Stored data
---+---
(* A connected bipartite graph $H$ is equimatchable if and only if $V(H)$ admits a bipartition into two independent sets $U$ and $W$ such that every vertex of $U$ is strong in $H$.
   Context: A graph is equimatchable if all its maximal (inclusion-wise) matchings have the same size. A vertex $v$ of a graph $H$ is strong if every maximal matching of $H$ covers $v$. *)

theory Defs
  imports Main
begin

definition graph :: "'a set \<Rightarrow> 'a set set \<Rightarrow> bool" where
  "graph V E \<longleftrightarrow> finite V \<and> (\<forall>e\<in>E. \<exists>u v. e = {u, v} \<and> u \<noteq> v \<and> u \<in> V \<and> v \<in> V)"

definition adj :: "'a set set \<Rightarrow> 'a \<Rightarrow> 'a \<Rightarrow> bool" where
  "adj E u v \<longleftrightarrow> {u, v} \<in> E"

definition connected_graph :: "'a set \<Rightarrow> 'a set set \<Rightarrow> bool" where
  "connected_graph V E \<longleftrightarrow> (\<forall>u\<in>V. \<forall>v\<in>V. (adj E)\<^sup>*\<^sup>* u v)"

definition independent_set :: "'a set set \<Rightarrow> 'a set \<Rightarrow> bool" where
  "independent_set E S \<longleftrightarrow> (\<forall>u\<in>S. \<forall>v\<in>S. \<not> adj E u v)"

definition independent_bipartition :: "'a set \<Rightarrow> 'a set set \<Rightarrow> 'a set \<Rightarrow> 'a set \<Rightarrow> bool" where
  "independent_bipartition V E U W \<longleftrightarrow>
     U \<union> W = V \<and> U \<inter> W = {} \<and> independent_set E U \<and> independent_set E W"

definition bipartite :: "'a set \<Rightarrow> 'a set set \<Rightarrow> bool" where
  "bipartite V E \<longleftrightarrow> (\<exists>U W. independent_bipartition V E U W)"

definition matching :: "'a set set \<Rightarrow> 'a set set \<Rightarrow> bool" where
  "matching E M \<longleftrightarrow> M \<subseteq> E \<and> (\<forall>e\<in>M. \<forall>f\<in>M. e \<noteq> f \<longrightarrow> e \<inter> f = {})"

definition maximal_matching :: "'a set set \<Rightarrow> 'a set set \<Rightarrow> bool" where
  "maximal_matching E M \<longleftrightarrow> matching E M \<and> (\<forall>M'. matching E M' \<and> M \<subseteq> M' \<longrightarrow> M' = M)"

definition equimatchable :: "'a set set \<Rightarrow> bool" where
  "equimatchable E \<longleftrightarrow>
     (\<forall>M M'. maximal_matching E M \<and> maximal_matching E M' \<longrightarrow> card M = card M')"

definition covers :: "'a set set \<Rightarrow> 'a \<Rightarrow> bool" where
  "covers M v \<longleftrightarrow> (\<exists>e\<in>M. v \<in> e)"

definition strong_vertex :: "'a set set \<Rightarrow> 'a \<Rightarrow> bool" where
  "strong_vertex E v \<longleftrightarrow> (\<forall>M. maximal_matching E M \<longrightarrow> covers M v)"

end

theory Submission
  imports Defs
begin

text \<open>If every vertex of U is strong, a maximal matching has exactly one edge at each vertex
  of U, so all maximal matchings have |U| edges.

  Conversely, let all maximal matchings have size \<nu>. Then every matching with \<nu> edges is
  maximal, so replacing a matching edge by an edge whose ends become uncovered preserves
  maximality. Suppose a maximal matching M leaves u \<in> U and w \<in> W uncovered, and let
  u, p, p', ..., w be a walk. Re-matching p to u, possibly combined with an exchange at the
  partners q of p and r of p' (M - {pq, p'r} + {pp'} is one edge short of \<nu>, so it has an edge
  with both ends uncovered, and this edge meets q or r), yields a maximal matching leaving p'
  and w uncovered; induction on the length of the walk gives a contradiction. If two maximal
  matchings leave u and w uncovered respectively, exchanges along their difference reduce to
  the first situation. Hence all of U or all of W consists of strong vertices.\<close>

lemma graph_edgeE:
  assumes "graph V E" "e \<in> E"
  obtains x y where "e = {x, y}" "x \<noteq> y" "x \<in> V" "y \<in> V"
  using assms unfolding graph_def by blast

lemma graph_edge_doubleton: "graph V E \<Longrightarrow> {x, y} \<in> E \<Longrightarrow> x \<noteq> y \<and> x \<in> V \<and> y \<in> V"
  by (erule graph_edgeE) (auto simp: doubleton_eq_iff)

lemma finite_edges: "graph V E \<Longrightarrow> finite E"
proof -
  assume G: "graph V E"
  then have "E \<subseteq> Pow V" by (blast elim: graph_edgeE)
  with G show ?thesis unfolding graph_def by (meson finite_Pow_iff finite_subset)
qed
---+---
§ What is being asked:
Using the data above, reproduce every line exactly.

§ The answer:
(* A connected bipartite graph $H$ is equimatchable if and only if $V(H)$ admits a bipartition into two independent sets $U$ and $W$ such that every vertex of $U$ is strong in $H$.
   Context: A graph is equimatchable if all its maximal (inclusion-wise) matchings have the same size. A vertex $v$ of a graph $H$ is strong if every maximal matching of $H$ covers $v$. *)

theory Defs
  imports Main
begin

definition graph :: "'a set \<Rightarrow> 'a set set \<Rightarrow> bool" where
  "graph V E \<longleftrightarrow> finite V \<and> (\<forall>e\<in>E. \<exists>u v. e = {u, v} \<and> u \<noteq> v \<and> u \<in> V \<and> v \<in> V)"

definition adj :: "'a set set \<Rightarrow> 'a \<Rightarrow> 'a \<Rightarrow> bool" where
  "adj E u v \<longleftrightarrow> {u, v} \<in> E"

definition connected_graph :: "'a set \<Rightarrow> 'a set set \<Rightarrow> bool" where
  "connected_graph V E \<longleftrightarrow> (\<forall>u\<in>V. \<forall>v\<in>V. (adj E)\<^sup>*\<^sup>* u v)"

definition independent_set :: "'a set set \<Rightarrow> 'a set \<Rightarrow> bool" where
  "independent_set E S \<longleftrightarrow> (\<forall>u\<in>S. \<forall>v\<in>S. \<not> adj E u v)"

definition independent_bipartition :: "'a set \<Rightarrow> 'a set set \<Rightarrow> 'a set \<Rightarrow> 'a set \<Rightarrow> bool" where
  "independent_bipartition V E U W \<longleftrightarrow>
     U \<union> W = V \<and> U \<inter> W = {} \<and> independent_set E U \<and> independent_set E W"

definition bipartite :: "'a set \<Rightarrow> 'a set set \<Rightarrow> bool" where
  "bipartite V E \<longleftrightarrow> (\<exists>U W. independent_bipartition V E U W)"

definition matching :: "'a set set \<Rightarrow> 'a set set \<Rightarrow> bool" where
  "matching E M \<longleftrightarrow> M \<subseteq> E \<and> (\<forall>e\<in>M. \<forall>f\<in>M. e \<noteq> f \<longrightarrow> e \<inter> f = {})"

definition maximal_matching :: "'a set set \<Rightarrow> 'a set set \<Rightarrow> bool" where
  "maximal_matching E M \<longleftrightarrow> matching E M \<and> (\<forall>M'. matching E M' \<and> M \<subseteq> M' \<longrightarrow> M' = M)"

definition equimatchable :: "'a set set \<Rightarrow> bool" where
  "equimatchable E \<longleftrightarrow>
     (\<forall>M M'. maximal_matching E M \<and> maximal_matching E M' \<longrightarrow> card M = card M')"

definition covers :: "'a set set \<Rightarrow> 'a \<Rightarrow> bool" where
  "covers M v \<longleftrightarrow> (\<exists>e\<in>M. v \<in> e)"

definition strong_vertex :: "'a set set \<Rightarrow> 'a \<Rightarrow> bool" where
  "strong_vertex E v \<longleftrightarrow> (\<forall>M. maximal_matching E M \<longrightarrow> covers M v)"

end

theory Submission
  imports Defs
begin

text \<open>If every vertex of U is strong, a maximal matching has exactly one edge at each vertex
  of U, so all maximal matchings have |U| edges.

  Conversely, let all maximal matchings have size \<nu>. Then every matching with \<nu> edges is
  maximal, so replacing a matching edge by an edge whose ends become uncovered preserves
  maximality. Suppose a maximal matching M leaves u \<in> U and w \<in> W uncovered, and let
  u, p, p', ..., w be a walk. Re-matching p to u, possibly combined with an exchange at the
  partners q of p and r of p' (M - {pq, p'r} + {pp'} is one edge short of \<nu>, so it has an edge
  with both ends uncovered, and this edge meets q or r), yields a maximal matching leaving p'
  and w uncovered; induction on the length of the walk gives a contradiction. If two maximal
  matchings leave u and w uncovered respectively, exchanges along their difference reduce to
  the first situation. Hence all of U or all of W consists of strong vertices.\<close>

lemma graph_edgeE:
  assumes "graph V E" "e \<in> E"
  obtains x y where "e = {x, y}" "x \<noteq> y" "x \<in> V" "y \<in> V"
  using assms unfolding graph_def by blast

lemma graph_edge_doubleton: "graph V E \<Longrightarrow> {x, y} \<in> E \<Longrightarrow> x \<noteq> y \<and> x \<in> V \<and> y \<in> V"
  by (erule graph_edgeE) (auto simp: doubleton_eq_iff)

lemma finite_edges: "graph V E \<Longrightarrow> finite E"
proof -
  assume G: "graph V E"
  then have "E \<subseteq> Pow V" by (blast elim: graph_edgeE)
  with G show ?thesis unfolding graph_def by (meson finite_Pow_iff finite_subset)
qed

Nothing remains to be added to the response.